— INSTRUCTIONS TO FOLLOW —
Bring together all lines from the listing below that contain the string "where".

— ENTRIES PROVIDED —
======
(* Let $G$ be a bipartite graph with bipartition $(X,Y)$, $|X| = n\geq 2$, $|Y|=m$, every $x\in X$ having degree at least $\delta$. Let $(C,x)$ be a tight pair in $G$, with $C = y_1x_1y_2x_2\ldots y_\ell x_\ell y_1$ where $x_i \in X$, $y_i\in Y$. If $y_i \in N(x)$ for some $i$, then $N(x_i) \setminus V(C)$ and $N(x)\setminus V(C)$ are disjoint.
   Context: A tight pair in $G$ is a pair $(C,x)$ where $C$ is a longest cycle in $G$ and $x \in X \setminus V(C)$, chosen such that $|N(x)\cap V(C)|$ is maximum over all pairs $(C',x')$ with $C'$ a longest cycle in $G$ and $x' \in X\setminus V(C')$. ($G$ has a tight pair iff it has no cycle of length $2n$.) *)

theory Defs
  imports Main
begin

definition nbhd :: "('a \<Rightarrow> 'a \<Rightarrow> bool) \<Rightarrow> 'a \<Rightarrow> 'a set" where
  "nbhd E v = {u. E v u}"

definition bipartite_graph :: "'a set \<Rightarrow> 'a set \<Rightarrow> ('a \<Rightarrow> 'a \<Rightarrow> bool) \<Rightarrow> bool" where
  "bipartite_graph X Y E \<longleftrightarrow> finite X \<and> finite Y \<and> X \<inter> Y = {} \<and>
     (\<forall>u v. E u v \<longleftrightarrow> E v u) \<and>
     (\<forall>u v. E u v \<longrightarrow> (u \<in> X \<and> v \<in> Y) \<or> (u \<in> Y \<and> v \<in> X))"

definition is_cycle :: "('a \<Rightarrow> 'a \<Rightarrow> bool) \<Rightarrow> 'a list \<Rightarrow> bool" where
  "is_cycle E c \<longleftrightarrow> length c \<ge> 3 \<and> distinct c \<and>
     (\<forall>i < length c. E (c ! i) (c ! ((i + 1) mod length c)))"

definition longest_cycle :: "('a \<Rightarrow> 'a \<Rightarrow> bool) \<Rightarrow> 'a list \<Rightarrow> bool" where
  "longest_cycle E c \<longleftrightarrow> is_cycle E c \<and> (\<forall>c'. is_cycle E c' \<longrightarrow> length c' \<le> length c)"

definition tight_pair :: "'a set \<Rightarrow> ('a \<Rightarrow> 'a \<Rightarrow> bool) \<Rightarrow> 'a list \<Rightarrow> 'a \<Rightarrow> bool" where
  "tight_pair X E c x \<longleftrightarrow> longest_cycle E c \<and> x \<in> X - set c \<and>
     (\<forall>c' x'. longest_cycle E c' \<and> x' \<in> X - set c' \<longrightarrow>
        card (nbhd E x' \<inter> set c') \<le> card (nbhd E x \<inter> set c))"

end

theory Submission
  imports Defs
begin

text \<open>If \<open>y\<^sub>i \<in> N(x)\<close> and some \<open>y \<notin> V(C)\<close> were adjacent to both \<open>x\<^sub>i\<close> and \<open>x\<close>, then
  replacing the edge \<open>y\<^sub>i x\<^sub>i\<close> of \<open>C\<close> by the path \<open>y\<^sub>i x y x\<^sub>i\<close> would give a cycle longer
  than the longest cycle \<open>C\<close>.\<close>

lemma is_cycle_iff_successively:
  "is_cycle E c \<longleftrightarrow> 3 \<le> length c \<and> distinct c \<and> successively E c \<and> E (last c) (hd c)"
proof (cases "c = []")
  case False
  have "(\<forall>i < length c. E (c ! i) (c ! ((i + 1) mod length c))) \<longleftrightarrow>
      (\<forall>i. Suc i < length c \<longrightarrow> E (c ! i) (c ! Suc i)) \<and> E (c ! (length c - 1)) (c ! 0)"
  proof (intro iffI conjI allI impI)
    fix i assume A: "\<forall>i < length c. E (c ! i) (c ! ((i + 1) mod length c))" and i: "Suc i < length c"
    have "E (c ! i) (c ! ((i + 1) mod length c))" using A Suc_lessD[OF i] by blast
    then show "E (c ! i) (c ! Suc i)" using i by simp
  next
    assume A: "\<forall>i < length c. E (c ! i) (c ! ((i + 1) mod length c))"
    have "length c - 1 < length c" using False by simp
    then have "E (c ! (length c - 1)) (c ! ((length c - 1 + 1) mod length c))"
      using A by blast
    then show "E (c ! (length c - 1)) (c ! 0)"
      using False by simp
  next
    fix i assume A: "(\<forall>i. Suc i < length c \<longrightarrow> E (c ! i) (c ! Suc i)) \<and> E (c ! (length c - 1)) (c ! 0)"
      and i: "i < length c"
    show "E (c ! i) (c ! ((i + 1) mod length c))"
    proof (cases "Suc i < length c")
      case True
      then show ?thesis using A by simp
    next
      case False
      then have "i + 1 = length c" using i by simp
      then show ?thesis using A by (simp flip: \<open>i + 1 = length c\<close>)
    qed
  qed
  with False show ?thesis
    unfolding is_cycle_def by (simp add: successively_conv_nth last_conv_nth hd_conv_nth)
qed (simp add: is_cycle_def)

lemma is_cycle_insert_path:
  assumes "is_cycle E (xs @ ys)" and "xs \<noteq> []" "ys \<noteq> []" "ps \<noteq> []"
    and "distinct ps" "successively E ps" "set ps \<inter> set (xs @ ys) = {}"
    and "E (last xs) (hd ps)" "E (last ps) (hd ys)"
  shows "is_cycle E (xs @ ps @ ys)"
proof -
  have "last (xs @ ps @ ys) = last (xs @ ys)" "hd (xs @ ps @ ys) = hd (xs @ ys)"
    using \<open>xs \<noteq> []\<close> \<open>ys \<noteq> []\<close> by simp_all
  with assms show ?thesis
    by (auto simp: is_cycle_iff_successively successively_append_iff)
qed

lemma longest_cycle_no_detour:
  assumes longest: "longest_cycle E c" and p: "0 < p" "p < length c"
    and "ps \<noteq> []" "distinct ps" "successively E ps" "set ps \<inter> set c = {}"
    and "E (c ! (p - 1)) (hd ps)" "E (last ps) (c ! p)"
  shows False
proof -
  define xs ys where "xs = take p c" and "ys = drop p c"
  have split: "xs @ ys = c" by (simp add: xs_def ys_def)
  have "xs \<noteq> []" "ys \<noteq> []" "hd ys = c ! p" "last xs = c ! (p - 1)"
    using p by (auto simp: xs_def ys_def hd_drop_conv_nth) (cases p; simp add: take_Suc_conv_app_nth)
  with assms split have "is_cycle E (xs @ ps @ ys)"
    by (intro is_cycle_insert_path) (auto simp: longest_cycle_def)
  then have "length (xs @ ps @ ys) \<le> length c"
    using longest unfolding longest_cycle_def by blast
  moreover have "length (xs @ ps @ ys) > length c"
    using \<open>ps \<noteq> []\<close> by (simp flip: split)
  ultimately show False by simp
qed

theorem claim1:
  fixes X Y :: "'a set" and E :: "'a \<Rightarrow> 'a \<Rightarrow> bool"
    and n m \<delta> l i :: nat and c :: "'a list" and x :: 'a
  assumes "bipartite_graph X Y E"
    and "card X = n" and "n \<ge> 2" and "card Y = m"
    and "\<forall>v \<in> X. card (nbhd E v) \<ge> \<delta>"
    and "tight_pair X E c x"
    and "length c = 2 * l"
    and "\<forall>j < l. c ! (2 * j) \<in> Y \<and> c ! (2 * j + 1) \<in> X"
    and "i < l" and "c ! (2 * i) \<in> nbhd E x"
  shows "(nbhd E (c ! (2 * i + 1)) - set c) \<inter> (nbhd E x - set c) = {}"
proof (rule ccontr)
  assume "\<not> ?thesis"
  then obtain y where y: "E (c ! (2 * i + 1)) y" "E x y" "y \<notin> set c"
    unfolding nbhd_def by blast
  have sym: "E u v \<longleftrightarrow> E v u" for u v
    using assms(1) unfolding bipartite_graph_def by blast
  have "x \<noteq> y"
    using y(2) assms(1) unfolding bipartite_graph_def by blast
  have "longest_cycle E c" "x \<notin> set c"
    using assms(6) unfolding tight_pair_def by blast+
  show False
    by (rule longest_cycle_no_detour[where E = E and c = c and p = "2 * i + 1" and ps = "[x, y]"])
      (use assms(7,9,10) y sym \<open>x \<noteq> y\<close> \<open>longest_cycle E c\<close> \<open>x \<notin> set c\<close>
        in \<open>auto simp: nbhd_def\<close>)
qed

end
======
— EXERCISE RESULT —
(* Let $G$ be a bipartite graph with bipartition $(X,Y)$, $|X| = n\geq 2$, $|Y|=m$, every $x\in X$ having degree at least $\delta$. Let $(C,x)$ be a tight pair in $G$, with $C = y_1x_1y_2x_2\ldots y_\ell x_\ell y_1$ where $x_i \in X$, $y_i\in Y$. If $y_i \in N(x)$ for some $i$, then $N(x_i) \setminus V(C)$ and $N(x)\setminus V(C)$ are disjoint.
   Context: A tight pair in $G$ is a pair $(C,x)$ where $C$ is a longest cycle in $G$ and $x \in X \setminus V(C)$, chosen such that $|N(x)\cap V(C)|$ is maximum over all pairs $(C',x')$ with $C'$ a longest cycle in $G$ and $x' \in X\setminus V(C')$. ($G$ has a tight pair iff it has no cycle of length $2n$.) *)
definition nbhd :: "('a \<Rightarrow> 'a \<Rightarrow> bool) \<Rightarrow> 'a \<Rightarrow> 'a set" where
definition bipartite_graph :: "'a set \<Rightarrow> 'a set \<Rightarrow> ('a \<Rightarrow> 'a \<Rightarrow> bool) \<Rightarrow> bool" where
definition is_cycle :: "('a \<Rightarrow> 'a \<Rightarrow> bool) \<Rightarrow> 'a list \<Rightarrow> bool" where
definition longest_cycle :: "('a \<Rightarrow> 'a \<Rightarrow> bool) \<Rightarrow> 'a list \<Rightarrow> bool" where
definition tight_pair :: "'a set \<Rightarrow> ('a \<Rightarrow> 'a \<Rightarrow> bool) \<Rightarrow> 'a list \<Rightarrow> 'a \<Rightarrow> bool" where
  define xs ys where "xs = take p c" and "ys = drop p c"
  then obtain y where y: "E (c ! (2 * i + 1)) y" "E x y" "y \<notin> set c"
    by (rule longest_cycle_no_detour[where E = E and c = c and p = "2 * i + 1" and ps = "[x, y]"])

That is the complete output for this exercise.